* Work to be completed *
Look for the string "lambda" in the listing below and copy every line in which it appears.

────────────────

(* Let $n\geq 3$, $k\in\mathbb{Z}_n$ with $k\neq 0$ and $2k\not\equiv 0\pmod n$, and let $b\in\{1,2,3\}$. Let $C$ be a $(1,b)$-regular set of $\mathrm{GP}(n,k)$. Then $$|E(C)\cap E(U)|=|E(C)\cap E(V)|\quad\text{and}\quad 2|E(C)\cap E(U)|+|E(C)\cap E(U,V)|=\frac{bn}{2+b}.$$
   Context: For an integer $n\geq 3$ and a nonzero $k\in\mathbb{Z}_n$, the generalized Petersen graph $\mathrm{GP}(n,k)$ is the simple graph with vertex set $\{u_i,v_i\mid i\in\mathbb{Z}_n\}$ and edges $u_iu_{i+1}$, $u_iv_i$, $v_iv_{i+k}$ for all $i\in\mathbb{Z}_n$ (indices modulo $n$); with $2k\not\equiv0\pmod n$ it is 3-regular. Let $U=\{u_i\mid i\in\mathbb{Z}_n\}$ and $V=\{v_i\mid i\in\mathbb{Z}_n\}$. For subsets $A,B$ of vertices, $E(A,B)$ denotes the set of edges with one end in $A$ and the other in $B$, and $E(A)=E(A,A)$ is the set of edges with both ends in $A$. For nonnegative integers $a,b$, a set $C$ of vertices of a graph $\Gamma$ is an $(a,b)$-regular set if the subgraph induced by $C$ is $a$-regular and every vertex of $V(\Gamma)\setminus C$ is adjacent to exactly $b$ vertices of $C$. *)

theory Defs
  imports Complex_Main
begin

text \<open>Vertices of GP(n,k): outer vertices u_i and inner vertices v_i, indices i in {0..<n}
  representing Z_n.\<close>
datatype gpv = U nat | V nat

definition gp_verts :: "nat \<Rightarrow> gpv set" where
  "gp_verts n = U ` {0..<n} \<union> V ` {0..<n}"

definition outer :: "nat \<Rightarrow> gpv set" where
  "outer n = U ` {0..<n}"
lemma coupling_measure_le_thickening:
  fixes nrm :: "'a::euclidean_space \<Rightarrow> real"
  assumes \<pi>: "\<pi> \<in> couplings P Q" and nrm: "is_norm nrm"
    and cost: "(\<integral>\<^sup>+ z. ennreal (nrm (fst z - snd z)) \<partial>\<pi>) \<le> ennreal c"
    and c: "c \<ge> 0" and r: "r > 0" and G: "G \<in> sets borel"
  shows "measure Q G \<le> measure P (thickening nrm r G) + c / r"
proof -
  interpret \<pi>: prob_space \<pi>
    using \<pi> by (simp add: couplings_def)
  have sets_prod: "sets \<pi> = sets (borel \<Otimes>\<^sub>M borel)"
    using \<pi> by (simp add: couplings_def)
  then have sets_\<pi>: "sets \<pi> = sets (borel :: ('a \<times> 'a) measure)"
    unfolding borel_prod .
  have P: "P = distr \<pi> borel fst" and Q: "Q = distr \<pi> borel snd"
    using \<pi> by (simp_all add: couplings_def)
  have [measurable]: "fst \<in> borel_measurable \<pi>" "snd \<in> borel_measurable \<pi>"
    unfolding measurable_cong_sets[OF sets_prod refl] by simp_all
  define far where "far = {z \<in> space \<pi>. r \<le> nrm (fst z - snd z)}"
  have "continuous_on UNIV (\<lambda>z::'a \<times> 'a. nrm (fst z - snd z))"
    by (intro continuous_on_compose2[OF continuous_on_is_norm[OF nrm]] continuous_intros) auto
  then have cost_measurable: "(\<lambda>z. nrm (fst z - snd z)) \<in> borel_measurable \<pi>"
    using measurable_cong_sets[OF sets_\<pi> refl] borel_measurable_continuous_onI by blast
  then have far_event: "far \<in> \<pi>.events"
    unfolding far_def by measurable
  have far_le: "measure \<pi> far \<le> c / r"
    unfolding far_def by (rule \<pi>.measure_ge_le_nn_integral[OF cost_measurable cost c r])
  define near where "near = fst -` thickening nrm r G \<inter> space \<pi>"
  have near_event: "near \<in> \<pi>.events"
    unfolding near_def using open_thickening[OF nrm] by measurable
  have "snd -` G \<inter> space \<pi> \<subseteq> near \<union> far"
  proof
    fix z assume z: "z \<in> snd -` G \<inter> space \<pi>"
    show "z \<in> near \<union> far"
    proof (cases "r \<le> nrm (fst z - snd z)")
      case False
      then have "nrm (snd z - fst z) < r"
        using is_norm_commute[OF nrm] by (metis not_le)
      then show ?thesis
        using z by (auto simp: near_def thickening_def)
    qed (use z in \<open>simp add: far_def\<close>)
  qed
  then have "measure \<pi> (snd -` G \<inter> space \<pi>) \<le> measure \<pi> (near \<union> far)"
    using near_event far_event by (intro \<pi>.finite_measure_mono) auto
  also have "\<dots> \<le> measure \<pi> near + measure \<pi> far"
    using near_event far_event by (intro measure_Un_le) auto
  finally have "measure \<pi> (snd -` G \<inter> space \<pi>) \<le> measure \<pi> near + measure \<pi> far" .
  moreover have "measure Q G = measure \<pi> (snd -` G \<inter> space \<pi>)"
    unfolding Q using G by (simp add: measure_distr)
  moreover have "measure P (thickening nrm r G) = measure \<pi> near"
    unfolding P near_def using open_thickening[OF nrm] by (simp add: measure_distr)
  ultimately show ?thesis
    using far_le by linarith
qed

────────────────

* Answer to this problem *
  have "continuous_on UNIV (\<lambda>z::'a \<times> 'a. nrm (fst z - snd z))"
  then have cost_measurable: "(\<lambda>z. nrm (fst z - snd z)) \<in> borel_measurable \<pi>"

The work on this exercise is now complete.